Etant soumis à des contingences telles que l’autorité de l’employeur, l’institution représentée se doit inévitablement de répondre à la pression générée par les risques psychosociaux pour conserver l'intégralité de sa démarche de lutte contre et de protection pour

leur santé voire même l’améliorer sans en être empêcher.

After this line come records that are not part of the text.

(* Let $\alpha>0$ and consider the framed curvature flow with $\theta$-velocity $\upsilon_\theta=\alpha\,\partial_s^2\theta$ (i.e. the extended system below with $\beta=0$ and $f_4\equiv0$). Assume $|\theta_0(u)|<\pi/2$ for all $u\in S^1$. Then any solution $\{(\Gamma_t,\theta_t)\}_{t\in[0,\underline t]}$ satisfies $|\theta(t,u)|<\pi/2$ for all $(t,u)\in[0,\underline t]\times S^1$, and the extended system remains parabolic (i.e. $\cos\theta>0$ throughout).
   Context: $S^1=\mathbb{R}/2\pi\mathbb{Z}$; closed curves $\Gamma_t$ parametrized by $\gamma(t,\cdot):S^1\to\mathbb{R}^3$, $g=\|\partial_u\gamma\|$, $\partial_s=g^{-1}\partial_u$; Frenet frame $T,N,B$, curvature $\kappa$, torsion $\tau$. For an angle function $\theta$, $\nu_\theta=\cos\theta\,N+\sin\theta\,B$. Framed curvature flow: $\partial_t\gamma=\kappa\nu_\theta$ ($=\cos\theta\,\partial_s^2\gamma+\sin\theta\,\partial_s\gamma\times\partial_s^2\gamma$), $\partial_t\theta=\upsilon_\theta$, $\gamma(0)=\gamma_0$, $\theta(0)=\theta_0$. Extended system: with $\hat\gamma=(\gamma_1,\gamma_2,\gamma_3,\theta)$, $\partial_t\hat\gamma=\hat{\mathcal A}\,\partial_s^2\hat\gamma+f(\partial_s\hat\gamma,\hat\gamma)$, where $\hat{\mathcal A}=\begin{bmatrix}\mathcal A&0\\ \beta^T&\alpha\end{bmatrix}$, $\mathcal A=\cos\theta\,\mathbb I+\sin\theta\,[T]_\times$ ($[T]_\times$ the cross-product matrix of $T$), $\alpha>0$, $\beta\in\mathbb{R}^3$, so that $\upsilon_\theta=\alpha\partial_s^2\theta+\kappa\langle\beta,N\rangle+f_4(\partial_s\hat\gamma,\hat\gamma)$. The eigenvalues of $\hat{\mathcal A}$ are $\alpha,\cos\theta,e^{\pm i\theta}$; parabolicity requires $\alpha>0$ and $\cos\theta>0$. *)

theory Defs
  imports "HOL-Analysis.Analysis" "HOL-Analysis.Cross3"
begin

text \<open>A time-dependent closed curve is a map gamma :: real => real => real^3, (t,u) |-> gamma t u,
  2 pi-periodic in u (so u ranges over S^1 = R / 2 pi Z). Same for the angle theta.\<close>

definition dU :: "(real \<Rightarrow> real \<Rightarrow> 'a::real_normed_vector) \<Rightarrow> real \<Rightarrow> real \<Rightarrow> 'a" where
  "dU F t u = vector_derivative (\<lambda>v. F t v) (at u)"

definition metric_g :: "(real \<Rightarrow> real \<Rightarrow> real^3) \<Rightarrow> real \<Rightarrow> real \<Rightarrow> real" where
  "metric_g \<gamma> t u = norm (dU \<gamma> t u)"

definition dS :: "(real \<Rightarrow> real \<Rightarrow> real^3) \<Rightarrow> (real \<Rightarrow> real \<Rightarrow> 'a::real_normed_vector) \<Rightarrow> real \<Rightarrow> real \<Rightarrow> 'a" where
  "dS \<gamma> F t u = (1 / metric_g \<gamma> t u) *\<^sub>R dU F t u"

definition dS2 :: "(real \<Rightarrow> real \<Rightarrow> real^3) \<Rightarrow> (real \<Rightarrow> real \<Rightarrow> 'a::real_normed_vector) \<Rightarrow> real \<Rightarrow> real \<Rightarrow> 'a" where
  "dS2 \<gamma> F = dS \<gamma> (dS \<gamma> F)"

definition framed_velocity :: "(real \<Rightarrow> real \<Rightarrow> real^3) \<Rightarrow> (real \<Rightarrow> real \<Rightarrow> real) \<Rightarrow> real \<Rightarrow> real \<Rightarrow> real^3" where
  "framed_velocity \<gamma> \<theta> t u =
     cos (\<theta> t u) *\<^sub>R dS2 \<gamma> \<gamma> t u + sin (\<theta> t u) *\<^sub>R cross3 (dS \<gamma> \<gamma> t u) (dS2 \<gamma> \<gamma> t u)"

definition framed_flow_solution ::
  "real \<Rightarrow> real \<Rightarrow> (real \<Rightarrow> real \<Rightarrow> real^3) \<Rightarrow> (real \<Rightarrow> real \<Rightarrow> real)
     \<Rightarrow> (real \<Rightarrow> real^3) \<Rightarrow> (real \<Rightarrow> real) \<Rightarrow> bool" where
  "framed_flow_solution \<alpha> T \<gamma> \<theta> \<gamma>0 \<theta>0 \<longleftrightarrow>
     0 \<le> T \<and>
     \<comment> \<open>closed curves / functions on S^1\<close>
     (\<forall>t\<in>{0..T}. \<forall>u. \<gamma> t (u + 2*pi) = \<gamma> t u \<and> \<theta> t (u + 2*pi) = \<theta> t u) \<and>
     \<comment> \<open>spatial regularity (C^2 in u) and regular parametrization\<close>
     (\<forall>t\<in>{0..T}. \<forall>u. (\<lambda>v. \<gamma> t v) differentiable (at u) \<and> (\<lambda>v. dU \<gamma> t v) differentiable (at u)
        \<and> (\<lambda>v. \<theta> t v) differentiable (at u) \<and> (\<lambda>v. dU \<theta> t v) differentiable (at u)
        \<and> dU \<gamma> t u \<noteq> 0) \<and>
     \<comment> \<open>joint continuity in (t,u) of the solution and its u-derivatives up to order 2\<close>
     continuous_on ({0..T} \<times> UNIV) (\<lambda>(t,u). \<gamma> t u) \<and>
     continuous_on ({0..T} \<times> UNIV) (\<lambda>(t,u). dU \<gamma> t u) \<and>
     continuous_on ({0..T} \<times> UNIV) (\<lambda>(t,u). dU (dU \<gamma>) t u) \<and>
     continuous_on ({0..T} \<times> UNIV) (\<lambda>(t,u). \<theta> t u) \<and>
     continuous_on ({0..T} \<times> UNIV) (\<lambda>(t,u). dU \<theta> t u) \<and>
     continuous_on ({0..T} \<times> UNIV) (\<lambda>(t,u). dU (dU \<theta>) t u) \<and>
     \<comment> \<open>evolution equations\<close>
     (\<forall>t\<in>{0..T}. \<forall>u. ((\<lambda>s. \<gamma> s u) has_vector_derivative framed_velocity \<gamma> \<theta> t u) (at t within {0..T})) \<and>
     (\<forall>t\<in>{0..T}. \<forall>u. ((\<lambda>s. \<theta> s u) has_real_derivative \<alpha> * dS2 \<gamma> \<theta> t u) (at t within {0..T})) \<and>
     \<comment> \<open>initial data\<close>
     (\<forall>u. \<gamma> 0 u = \<gamma>0 u \<and> \<theta> 0 u = \<theta>0 u)"

text \<open>Parabolicity of the extended system: eigenvalues alpha, cos theta, e^{+-i theta};
  requires alpha > 0 and cos theta > 0.\<close>
definition extended_parabolic :: "real \<Rightarrow> real \<Rightarrow> bool" where
  "extended_parabolic \<alpha> th \<longleftrightarrow> \<alpha> > 0 \<and> cos th > 0"

end

theory Submission
  imports Defs "HOL-Library.Periodic_Fun"
begin

text \<open>The angle equation \<open>\<partial>\<^sub>t\<theta> = \<alpha> \<partial>\<^sub>s\<^sup>2\<theta>\<close> is a heat equation in arclength and obeys the
  weak maximum principle: at a spatial maximum of \<open>\<theta>(t,\<cdot>)\<close> we have \<open>\<partial>\<^sub>u\<theta> = 0\<close>, hence
  \<open>\<partial>\<^sub>s\<^sup>2\<theta> = g\<^sup>-\<^sup>2 \<partial>\<^sub>u\<^sup>2\<theta> \<le> 0\<close>, so the maximum cannot grow; likewise the minimum cannot
  decrease. Since \<open>\<theta>\<^sub>0\<close> is continuous on the circle, \<open>|\<theta>\<^sub>0|\<close> attains a maximum
  \<open>M < \<pi>/2\<close>, and then \<open>|\<theta>| \<le> M\<close> for all times, which gives \<open>cos \<theta> > 0\<close>.\<close>

lemma second_derivative_nonpos_at_max:
  fixes F F1 :: "real \<Rightarrow> real"
  assumes d1: "\<And>v. (F has_real_derivative F1 v) (at v)"
    and d2: "(F1 has_real_derivative F2) (at u)"
    and max: "\<And>v. F v \<le> F u"
  shows "F2 \<le> 0"
proof (rule ccontr)
  assume "\<not> F2 \<le> 0"
  hence "F2 > 0" by simp
  have crit: "F1 u = 0" using DERIV_local_max[OF d1[of u], of 1] max by auto
  obtain d where d: "d > 0" "\<And>h. h > 0 \<Longrightarrow> h < d \<Longrightarrow> F1 u < F1 (u + h)"
    using DERIV_pos_inc_right[OF d2 \<open>F2 > 0\<close>] by blast
  obtain z where z: "u < z" "z < u + d/2" "F (u + d/2) - F u = (u + d/2 - u) * F1 z"
    using MVT2[of u "u + d/2" F F1] d1 d(1) by auto
  have "F1 z > 0" using d(2)[of "z - u"] z crit by auto
  hence "(u + d/2 - u) * F1 z > 0" using d(1) by simp
  hence "F (u + d/2) - F u > 0" using z(3) by linarith
  thus False using max[of "u + d/2"] by simp
qed

lemma second_derivative_nonneg_at_min:
  fixes F F1 :: "real \<Rightarrow> real"
  assumes d1: "\<And>v. (F has_real_derivative F1 v) (at v)"
    and d2: "(F1 has_real_derivative F2) (at u)"
    and min: "\<And>v. F u \<le> F v"
  shows "F2 \<ge> 0"
proof -
  have "- F2 \<le> 0"
    by (rule second_derivative_nonpos_at_max[of "\<lambda>v. - F v" "\<lambda>v. - F1 v"])
       (auto intro!: DERIV_minus d1 d2 simp: min)
  thus ?thesis by simp
qed

text \<open>The factor \<open>c\<close> need only be continuous, not differentiable, because \<open>F1\<close> vanishes at \<open>u\<close>.\<close>

lemma DERIV_cont_mult_at_zero:
  fixes c F1 :: "real \<Rightarrow> real"
  assumes d: "(F1 has_real_derivative F2) (at u)"
    and zero: "F1 u = 0"
    and c: "isCont c u"
  shows "((\<lambda>v. c v * F1 v) has_real_derivative c u * F2) (at u)"
proof -
  have "((\<lambda>y. c y * ((F1 y - F1 u) / (y - u))) \<longlongrightarrow> c u * F2) (at u)"
    using c d by (intro tendsto_mult) (auto simp: isCont_def has_field_derivative_iff)
  moreover have "(\<lambda>y. c y * ((F1 y - F1 u) / (y - u))) = (\<lambda>y. (c y * F1 y - c u * F1 u) / (y - u))"
    using zero by auto
  ultimately show ?thesis by (simp add: has_field_derivative_iff)
qed

lemma periodic_value_in_period:
  fixes f :: "real \<Rightarrow> 'a"
  assumes periodic: "\<And>x. f (x + p) = f x" and "p > 0"
  obtains x' where "x' \<in> {0..p}" "f x' = f x"
proof
  interpret periodic_fun_simple f p by standard (rule periodic)
  define k where "k = \<lfloor>x / p\<rfloor>"
  have "of_int k \<le> x / p" "x / p < of_int k + 1" unfolding k_def by linarith+
  hence "of_int k * p \<le> x" "x < (of_int k + 1) * p"
    using \<open>p > 0\<close> by (simp_all add: field_simps)
  thus "x + of_int (- k) * p \<in> {0..p}" by (simp add: algebra_simps)
  show "f (x + of_int (- k) * p) = f x" by (rule plus_of_int)
qed

lemma periodic_attains_max:
  fixes f :: "real \<Rightarrow> real"
  assumes periodic: "\<And>x. f (x + p) = f x" and "p > 0" and cont: "continuous_on {0..p} f"
  obtains x where "\<And>y. f y \<le> f x"
proof -
  obtain x where x: "\<And>y. y \<in> {0..p} \<Longrightarrow> f y \<le> f x"
    using continuous_attains_sup[OF compact_Icc _ cont] \<open>p > 0\<close> by fastforce
  have "f y \<le> f x" for y
    using periodic_value_in_period[of f p y, OF periodic \<open>p > 0\<close>] x by metis
  thus thesis by (rule that)
qed

text \<open>By periodicity it suffices to search the compact set \<open>{0..T} \<times> {0..p}\<close>.\<close>

lemma first_time_reaching_level:
  fixes w :: "real \<Rightarrow> real \<Rightarrow> real"
  assumes "p > 0"
    and periodic: "\<And>t x. t \<in> {0..T} \<Longrightarrow> w t (x + p) = w t x"
    and cont: "continuous_on ({0..T} \<times> UNIV) (\<lambda>(t, x). w t x)"
    and reached: "t \<in> {0..T}" "L \<le> w t x"
  obtains t0 x0 where "t0 \<in> {0..T}" "L \<le> w t0 x0"
    and "\<And>s y. s \<in> {0..T} \<Longrightarrow> L \<le> w s y \<Longrightarrow> t0 \<le> s"
proof -
  define K where "K = ({0..T} \<times> {0..p}) \<inter> (\<lambda>(t, x). w t x) -` {L..}"
  have "closed K" unfolding K_def
    using cont by (intro continuous_closed_preimage) (auto intro: continuous_on_subset simp: closed_Times)
  moreover have "K = K \<inter> ({0..T} \<times> {0..p})" unfolding K_def by blast
  ultimately have "compact K" by (metis closed_Int_compact compact_Icc compact_Times)
  have in_K: "\<exists>y'. (s, y') \<in> K" if "s \<in> {0..T}" "L \<le> w s y" for s y
    using periodic_value_in_period[of "w s" p y, OF periodic[OF \<open>s \<in> {0..T}\<close>] \<open>p > 0\<close>] that
    unfolding K_def by (metis (mono_tags) IntI SigmaI atLeast_iff case_prod_conv vimageI)
  then obtain y' where "(t, y') \<in> K" using reached by blast
  then obtain q where q: "q \<in> K" "\<And>q'. q' \<in> K \<Longrightarrow> fst q \<le> fst q'"
    using continuous_attains_inf[OF \<open>compact K\<close> _ continuous_on_fst[OF continuous_on_id]] by blast
  show thesis
  proof (rule that[of "fst q" "snd q"])
    show "fst q \<in> {0..T}" "L \<le> w (fst q) (snd q)" using q(1) unfolding K_def by auto
    show "fst q \<le> s" if "s \<in> {0..T}" "L \<le> w s y" for s y
      using in_K[OF that] q(2) by fastforce
  qed
qed

text \<open>The proof penalizes \<open>\<phi>\<close> by \<open>-\<epsilon>t\<close>, which makes the time derivative
  at a spatial maximum strictly negative; at the first time the penalized function reaches a level
  above the initial bound it would then have been even larger slightly earlier.\<close>

lemma periodic_max_principle:
  fixes \<phi> :: "real \<Rightarrow> real \<Rightarrow> real"
  assumes "p > 0"
    and periodic: "\<And>t x. t \<in> {0..T} \<Longrightarrow> \<phi> t (x + p) = \<phi> t x"
    and cont: "continuous_on ({0..T} \<times> UNIV) (\<lambda>(t, x). \<phi> t x)"
    and deriv_at_max: "\<And>t x. t \<in> {0..T} \<Longrightarrow> (\<And>y. \<phi> t y \<le> \<phi> t x) \<Longrightarrow>
        \<exists>D\<le>0. ((\<lambda>s. \<phi> s x) has_real_derivative D) (at t within {0..T})"
    and init: "\<And>x. \<phi> 0 x \<le> M"
    and "t \<in> {0..T}"
  shows "\<phi> t x \<le> M"
proof (rule ccontr)
  assume "\<not> \<phi> t x \<le> M"
  define a where "a = \<phi> t x - M"
  define \<epsilon> where "\<epsilon> = a / (2 * (T + 1))"
  define w where "w = (\<lambda>s y. \<phi> s y - \<epsilon> * s)"
  define L where "L = M + a / 2"
  have "a > 0" "0 \<le> t" "t \<le> T" using \<open>\<not> \<phi> t x \<le> M\<close> \<open>t \<in> {0..T}\<close> by (auto simp: a_def)
  hence "\<epsilon> > 0" by (simp add: \<epsilon>_def)
  hence "\<epsilon> * t \<le> \<epsilon> * (T + 1)" using \<open>t \<le> T\<close> by simp
  also have "\<epsilon> * (T + 1) = a / 2" using \<open>0 \<le> t\<close> \<open>t \<le> T\<close> by (simp add: \<epsilon>_def field_simps)
  finally have "\<epsilon> * t \<le> a / 2" .
  hence "L \<le> w t x" unfolding w_def L_def a_def by argo
  moreover have "\<And>s y. s \<in> {0..T} \<Longrightarrow> w s (y + p) = w s y" using periodic by (simp add: w_def)
  moreover have "continuous_on ({0..T} \<times> UNIV) (\<lambda>(s, y). w s y)"
    using cont unfolding w_def case_prod_beta by (intro continuous_intros)
  ultimately obtain t0 x0 where t0: "t0 \<in> {0..T}" "L \<le> w t0 x0"
    and first: "\<And>s y. s \<in> {0..T} \<Longrightarrow> L \<le> w s y \<Longrightarrow> t0 \<le> s"
    using first_time_reaching_level[OF \<open>p > 0\<close>, of T w] \<open>t \<in> {0..T}\<close> by blast
  have "t0 \<noteq> 0" using t0(2) init[of x0] \<open>a > 0\<close> by (auto simp: w_def L_def)
  hence "t0 > 0" using t0(1) by simp
  have "continuous_on {0..p} (\<phi> t0)"
    using continuous_on_o_Pair[OF cont t0(1)] by (auto intro: continuous_on_subset simp: o_def)
  then obtain x1 where max: "\<And>y. \<phi> t0 y \<le> \<phi> t0 x1"
    using periodic_attains_max[of "\<phi> t0" p, OF periodic[OF t0(1)] \<open>p > 0\<close>] by blast
  hence "L \<le> w t0 x1" using t0(2) max[of x0] unfolding w_def by linarith
  obtain D where "D \<le> 0" and D: "((\<lambda>s. \<phi> s x1) has_real_derivative D) (at t0 within {0..T})"
    using deriv_at_max[OF t0(1) max] by blast
  have "((\<lambda>s. w s x1) has_real_derivative D - \<epsilon>) (at t0 within {0..T})"
    unfolding w_def by (auto intro!: derivative_eq_intros D)
  moreover have "D - \<epsilon> < 0" using \<open>D \<le> 0\<close> \<open>\<epsilon> > 0\<close> by simp
  ultimately obtain d where "d > 0"
    and dec: "\<And>h. h > 0 \<Longrightarrow> t0 - h \<in> {0..T} \<Longrightarrow> h < d \<Longrightarrow> w t0 x1 < w (t0 - h) x1"
    using has_real_derivative_neg_dec_left by blast
  define h where "h = min t0 (d / 2)"
  have "h > 0" "t0 - h \<in> {0..T}" "h < d" using \<open>t0 > 0\<close> \<open>d > 0\<close> t0(1) by (auto simp: h_def)
  hence "L \<le> w (t0 - h) x1" using dec \<open>L \<le> w t0 x1\<close> by fastforce
  hence "t0 \<le> t0 - h" using first \<open>t0 - h \<in> {0..T}\<close> by blast
  thus False using \<open>h > 0\<close> by simp
qed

En définitive, le pouvoir est une action concrète qui met en lumière un rapport de force entre un acteur organisé (l’employeur) et un second (IRP) qui fait naitre, de la contrainte imposée par l’employeur, une perturbation organisationnelle chez les IRP favorisant l’émergence des RPS. Appréhender la problématique posée par ces risques nous permet d’affirmer la remise en question de la puissance des instances représentatives du personnel. En tout état de cause, il s’agira d’étudier si ces instances, sous l’angle collectif (Section I) au regard des actions exclusivement exercées par le Comité d’Entreprise (ci-après, « CE ») et le Comité d’hygiène et de sécurité et des conditions de travail ; et l’angle individuel (Section II) relatif uniquement, quant à lui, aux actions exercées par le Délégué du Personnel (ci-après, « DP ») et le Délégué Syndical (ci-après, « DS ») et le Représentant de la Section Syndicale (ci-après, « le RSS »), ont la chance de faire triompher leur propre volonté même contre des résistances patronales afin de commander, se faire respecter et obéir en matière de protection de la santé des travailleurs.